── Source records
(* Let $f(w)=\frac12 w^TAw-b^Tw+c$ with $A\in\mathbb{R}^{n\times n}$ symmetric positive definite, $b\in\mathbb{R}^n$, $c\in\mathbb{R}$. Let $x^k\in\mathbb{R}^n$ with $\nabla f(x^k)\ne 0$, let $t_k=\frac{2\|\nabla f(x^k)\|^2}{\nabla f(x^k)^TA\nabla f(x^k)}$ and $y^k=x^k-t_k\nabla f(x^k)$, and assume $\nabla f(x^k)$ and $\nabla f(y^k)$ are linearly independent. Let $g_x=\nabla f(x^k)$, $g_y=\nabla f(y^k)$, and define $$\Delta_k=\langle g_y,Ag_y\rangle\langle g_x,Ag_x\rangle-\langle g_x,Ag_y\rangle^2,$$ $$\alpha_k=\frac{\langle g_y,g_x\rangle\langle g_x,Ag_y\rangle-\langle g_x,g_x\rangle\langle g_y,Ag_y\rangle}{\Delta_k},\qquad \beta_k=\frac{-\langle g_y,g_x\rangle\langle g_x,Ag_x\rangle+\langle g_x,g_x\rangle\langle g_y,Ag_x\rangle}{\Delta_k},$$ and $x^{k+1}=x^k+\alpha_kg_x+\beta_kg_y$. Let $\Pi_k=\{x^k+\alpha g_x+\beta g_y:\alpha,\beta\in\mathbb{R}\}$ and $L_k=\{x\in\mathbb{R}^n: f(x)=f(x^k)\}$, and $E_k=\Pi_k\cap L_k$. Then: $\Delta_k>0$; $E_k$ is an ellipse contained in the two-dimensional affine plane $\Pi_k$ which contains $x^k$ and $y^k$, with $E_k$ orthogonal to $g_x$ at $x^k$ (i.e., $g_x$ is orthogonal to the tangent line of $E_k$ at $x^k$) and orthogonal to $g_y$ at $y^k$; and $x^{k+1}$ is both the unique minimizer of $f$ on $\Pi_k$ and the center of the ellipse $E_k$.
   Context: $\langle u,v\rangle=u^Tv$, $\|\cdot\|$ the Euclidean norm, $\nabla f(w)=Aw-b$. *)

theory Defs
  imports "HOL-Analysis.Analysis"
begin

definition quad_f :: "real^'n^'n \<Rightarrow> real^'n \<Rightarrow> real \<Rightarrow> real^'n \<Rightarrow> real" where
  "quad_f A b c w = (1/2) * (w \<bullet> (A *v w)) - b \<bullet> w + c"

definition quad_grad :: "real^'n^'n \<Rightarrow> real^'n \<Rightarrow> real^'n \<Rightarrow> real^'n" where
  "quad_grad A b w = A *v w - b"

definition pos_def :: "real^'n^'n \<Rightarrow> bool" where
  "pos_def A \<longleftrightarrow> transpose A = A \<and> (\<forall>x. x \<noteq> 0 \<longrightarrow> x \<bullet> (A *v x) > 0)"

text \<open>E is a (non-degenerate) ellipse in R^n with centre z: the image of the unit circle
  under an injective affine map of R^2, i.e. z + cos t e1 + sin t e2 with e1, e2 linearly independent.\<close>
definition ellipse_with_center :: "(real^'n) set \<Rightarrow> real^'n \<Rightarrow> bool" where
  "ellipse_with_center E z \<longleftrightarrow>
     (\<exists>e1 e2. (\<forall>a b. a *\<^sub>R e1 + b *\<^sub>R e2 = 0 \<longrightarrow> a = 0 \<and> b = 0) \<and>
              E = range (\<lambda>t. z + cos t *\<^sub>R e1 + sin t *\<^sub>R e2))"

definition is_ellipse :: "(real^'n) set \<Rightarrow> bool" where
  "is_ellipse E \<longleftrightarrow> (\<exists>z. ellipse_with_center E z)"

definition tangent_vec :: "(real^'n) set \<Rightarrow> real^'n \<Rightarrow> real^'n \<Rightarrow> bool" where
  "tangent_vec E p v \<longleftrightarrow>
     (\<exists>\<gamma>::real \<Rightarrow> real^'n. \<gamma> 0 = p \<and> (\<forall>t. \<gamma> t \<in> E) \<and> (\<gamma> has_vector_derivative v) (at 0))"

definition orthogonal_at :: "(real^'n) set \<Rightarrow> real^'n \<Rightarrow> real^'n \<Rightarrow> bool" where
  "orthogonal_at E p g \<longleftrightarrow> p \<in> E \<and> (\<exists>v. v \<noteq> 0 \<and> tangent_vec E p v) \<and>
     (\<forall>v. tangent_vec E p v \<longrightarrow> g \<bullet> v = 0)"
(* Let $t$ be a positive integer and let $M$ be a $t$-spike of order $r$. Then $r \ge 2t-1$.
   Context: For a positive integer $t$, a matroid $M$ is a $t$-spike of order $r$ (where $r\ge t$) if there is a partition $(A_1,\ldots,A_r)$ of $E(M)$ into 2-element sets (arms) such that, for every $t$-element subset $J\subseteq\{1,\dots,r\}$, the set $\bigcup_{j\in J}A_j$ is both a circuit and a cocircuit of $M$. *)

theory Defs
  imports Main
begin

definition matroid :: "'a set \<Rightarrow> ('a set \<Rightarrow> bool) \<Rightarrow> bool" where
  "matroid E indep \<longleftrightarrow>
     finite E \<and>
     (\<forall>X. indep X \<longrightarrow> X \<subseteq> E) \<and>
     indep {} \<and>
     (\<forall>X Y. indep X \<and> Y \<subseteq> X \<longrightarrow> indep Y) \<and>
     (\<forall>X Y. indep X \<and> indep Y \<and> card X < card Y \<longrightarrow>
        (\<exists>y \<in> Y - X. indep (insert y X)))"

definition basis :: "'a set \<Rightarrow> ('a set \<Rightarrow> bool) \<Rightarrow> 'a set \<Rightarrow> bool" where
  "basis E indep B \<longleftrightarrow> indep B \<and> (\<forall>X. indep X \<and> B \<subseteq> X \<longrightarrow> X = B)"

definition circuit :: "'a set \<Rightarrow> ('a set \<Rightarrow> bool) \<Rightarrow> 'a set \<Rightarrow> bool" where
  "circuit E indep C \<longleftrightarrow> C \<subseteq> E \<and> \<not> indep C \<and> (\<forall>X. X \<subset> C \<longrightarrow> indep X)"

definition dual_indep :: "'a set \<Rightarrow> ('a set \<Rightarrow> bool) \<Rightarrow> 'a set \<Rightarrow> bool" where
  "dual_indep E indep X \<longleftrightarrow> X \<subseteq> E \<and> (\<exists>B. basis E indep B \<and> X \<inter> B = {})"

definition cocircuit :: "'a set \<Rightarrow> ('a set \<Rightarrow> bool) \<Rightarrow> 'a set \<Rightarrow> bool" where
  "cocircuit E indep C \<longleftrightarrow> circuit E (dual_indep E indep) C"

definition is_spike :: "nat \<Rightarrow> nat \<Rightarrow> 'a set \<Rightarrow> ('a set \<Rightarrow> bool) \<Rightarrow> bool" where
  "is_spike t r E indep \<longleftrightarrow> t \<le> r \<and>
     (\<exists>A :: nat \<Rightarrow> 'a set.
        (\<forall>i < r. card (A i) = 2) \<and>
        (\<forall>i < r. \<forall>j < r. i \<noteq> j \<longrightarrow> A i \<inter> A j = {}) \<and>
        (\<Union>i \<in> {0..<r}. A i) = E \<and>
        (\<forall>J. J \<subseteq> {0..<r} \<and> card J = t \<longrightarrow>
            circuit E indep (\<Union>j \<in> J. A j) \<and> cocircuit E indep (\<Union>j \<in> J. A j)))"

end

theory Submission
  imports Defs
begin

text \<open>Let \<open>C\<close> be a circuit that is also a cocircuit and \<open>e \<in> C\<close>. Then \<open>C - {e}\<close> is
  independent and coindependent, so it avoids some basis \<open>B\<close>, which lies in \<open>(E - C) \<union> {e}\<close>.
  Comparing sizes, \<open>|C| - 1 \<le> |B| \<le> |E| - |C| + 1\<close>. For the union \<open>C\<close> of \<open>t\<close> arms of a
  \<open>t\<close>-spike of order \<open>r\<close> this reads \<open>2t - 1 \<le> 2r - 2t + 1\<close>.\<close>

lemma card_UN_disjoint_doubletons:
  assumes "finite J"
    and "\<And>i. i \<in> J \<Longrightarrow> card (A i) = 2"
    and "\<And>i j. i \<in> J \<Longrightarrow> j \<in> J \<Longrightarrow> i \<noteq> j \<Longrightarrow> A i \<inter> A j = {}"
  shows "card (\<Union>i\<in>J. A i) = 2 * card J"
proof -
  have "card (\<Union>i\<in>J. A i) = (\<Sum>i\<in>J. card (A i))"
    using assms by (intro card_UN_disjoint) (auto intro: card_ge_0_finite)
  also have "\<dots> = 2 * card J"
    using assms(2) by simp
  finally show ?thesis .
qed

lemma matroid_indep_card_le_basis:
  assumes "matroid E indep" and "basis E indep B" and "indep X"
  shows "card X \<le> card B"
proof (rule ccontr)
  assume "\<not> card X \<le> card B"
  moreover have "indep B"
    using assms(2) unfolding basis_def by blast
  ultimately obtain y where "y \<in> X - B" and "indep (insert y B)"
    using assms(1,3) unfolding matroid_def by (metis not_le DiffE)
  then show False
    using assms(2) unfolding basis_def by blast
qed

lemma matroid_circuit_nonempty:
  assumes "matroid E indep" and "circuit E indep C"
  shows "C \<noteq> {}"
  using assms unfolding matroid_def circuit_def by blast

lemma matroid_circuit_cocircuit_card:
  assumes M: "matroid E indep"
    and circ: "circuit E indep C" and cocirc: "cocircuit E indep C"
  shows "2 * card C \<le> card E + 2"
proof -
  have "finite E" and CE: "C \<subseteq> E"
    using M circ unfolding matroid_def circuit_def by auto
  then have "finite C"
    by (rule finite_subset[rotated])
  obtain e where "e \<in> C"
    using matroid_circuit_nonempty[OF M circ] by blast
  then have proper: "C - {e} \<subset> C"
    by blast
  have "indep (C - {e})"
    using circ proper unfolding circuit_def by blast
  moreover have "dual_indep E indep (C - {e})"
    using cocirc proper unfolding cocircuit_def circuit_def by blast
  then obtain B where B: "basis E indep B" and "(C - {e}) \<inter> B = {}"
    unfolding dual_indep_def by blast
  ultimately have lower: "card (C - {e}) \<le> card B"
    using matroid_indep_card_le_basis[OF M] by blast
  have "B \<subseteq> E"
    using B M unfolding basis_def matroid_def by blast
  then have "B \<subseteq> insert e (E - C)"
    using \<open>(C - {e}) \<inter> B = {}\<close> by blast
  then have "card B \<le> card (insert e (E - C))"
    using \<open>finite E\<close> by (intro card_mono) auto
  also have "\<dots> \<le> Suc (card (E - C))"
    using \<open>finite E\<close> by (simp add: card_insert_if)
  also have "card (E - C) = card E - card C"
    using \<open>finite C\<close> CE by (rule card_Diff_subset)
  finally have upper: "card B \<le> Suc (card E - card C)" .
  have "card (C - {e}) = card C - 1" and "card C \<le> card E"
    using \<open>e \<in> C\<close> \<open>finite E\<close> CE by (auto intro: card_mono)
  with lower upper show ?thesis
    by linarith
qed

lemma spike_circuit_cocircuit:
  assumes "is_spike t r E indep"
  shows "card E = 2 * r"
    and "\<exists>C. circuit E indep C \<and> cocircuit E indep C \<and> card C = 2 * t"
proof -
  obtain A :: "nat \<Rightarrow> 'a set" where
    arms: "\<forall>i < r. card (A i) = 2" and
    disj: "\<forall>i < r. \<forall>j < r. i \<noteq> j \<longrightarrow> A i \<inter> A j = {}" and
    ground: "(\<Union>i \<in> {0..<r}. A i) = E" and
    unions: "\<forall>J. J \<subseteq> {0..<r} \<and> card J = t \<longrightarrow>
      circuit E indep (\<Union>j \<in> J. A j) \<and> cocircuit E indep (\<Union>j \<in> J. A j)"
    using assms unfolding is_spike_def by blast
  have "t \<le> r"
    using assms unfolding is_spike_def by blast
  have card_arms: "card (\<Union>i\<in>J. A i) = 2 * card J" if "J \<subseteq> {0..<r}" for J
  proof (rule card_UN_disjoint_doubletons)
    show "finite J"
      using that by (rule finite_subset) simp
  qed (use that arms disj in \<open>auto simp: subset_iff\<close>)
  show "card E = 2 * r"
    using card_arms[of "{0..<r}"] ground by simp
  show "\<exists>C. circuit E indep C \<and> cocircuit E indep C \<and> card C = 2 * t"
  proof (intro exI conjI)
    have "{0..<t} \<subseteq> {0..<r}"
      using \<open>t \<le> r\<close> by simp
    then show "circuit E indep (\<Union>j\<in>{0..<t}. A j)" "cocircuit E indep (\<Union>j\<in>{0..<t}. A j)"
        "card (\<Union>j\<in>{0..<t}. A j) = 2 * t"
      using unions card_arms by auto
  qed
qed

theorem lemma6p1:
  fixes E :: "'a set" and indep :: "'a set \<Rightarrow> bool" and t r :: nat
  assumes "0 < t"
    and "matroid E indep"
    and "is_spike t r E indep"
  shows "2 * t - 1 \<le> r"
proof -
  obtain C where "circuit E indep C" and "cocircuit E indep C" and "card C = 2 * t"
    using spike_circuit_cocircuit(2)[OF assms(3)] by blast
  then have "2 * (2 * t) \<le> 2 * r + 2"
    using matroid_circuit_cocircuit_card[OF assms(2)] spike_circuit_cocircuit(1)[OF assms(3)]
    by metis
  then show ?thesis
    by linarith
qed

end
────
- [What to do]: An exact, complete copy of the lines above from the one with "indep B \<longleftrightarrow>" through the one with "(\<forall>J. J \<subseteq>" is the whole answer.

- [Exercise answer]:
  "basis E indep B \<longleftrightarrow> indep B \<and> (\<forall>X. indep X \<and> B \<subseteq> X \<longrightarrow> X = B)"

definition circuit :: "'a set \<Rightarrow> ('a set \<Rightarrow> bool) \<Rightarrow> 'a set \<Rightarrow> bool" where
  "circuit E indep C \<longleftrightarrow> C \<subseteq> E \<and> \<not> indep C \<and> (\<forall>X. X \<subset> C \<longrightarrow> indep X)"

definition dual_indep :: "'a set \<Rightarrow> ('a set \<Rightarrow> bool) \<Rightarrow> 'a set \<Rightarrow> bool" where
  "dual_indep E indep X \<longleftrightarrow> X \<subseteq> E \<and> (\<exists>B. basis E indep B \<and> X \<inter> B = {})"

definition cocircuit :: "'a set \<Rightarrow> ('a set \<Rightarrow> bool) \<Rightarrow> 'a set \<Rightarrow> bool" where
  "cocircuit E indep C \<longleftrightarrow> circuit E (dual_indep E indep) C"

definition is_spike :: "nat \<Rightarrow> nat \<Rightarrow> 'a set \<Rightarrow> ('a set \<Rightarrow> bool) \<Rightarrow> bool" where
  "is_spike t r E indep \<longleftrightarrow> t \<le> r \<and>
     (\<exists>A :: nat \<Rightarrow> 'a set.
        (\<forall>i < r. card (A i) = 2) \<and>
        (\<forall>i < r. \<forall>j < r. i \<noteq> j \<longrightarrow> A i \<inter> A j = {}) \<and>
        (\<Union>i \<in> {0..<r}. A i) = E \<and>
        (\<forall>J. J \<subseteq> {0..<r} \<and> card J = t \<longrightarrow>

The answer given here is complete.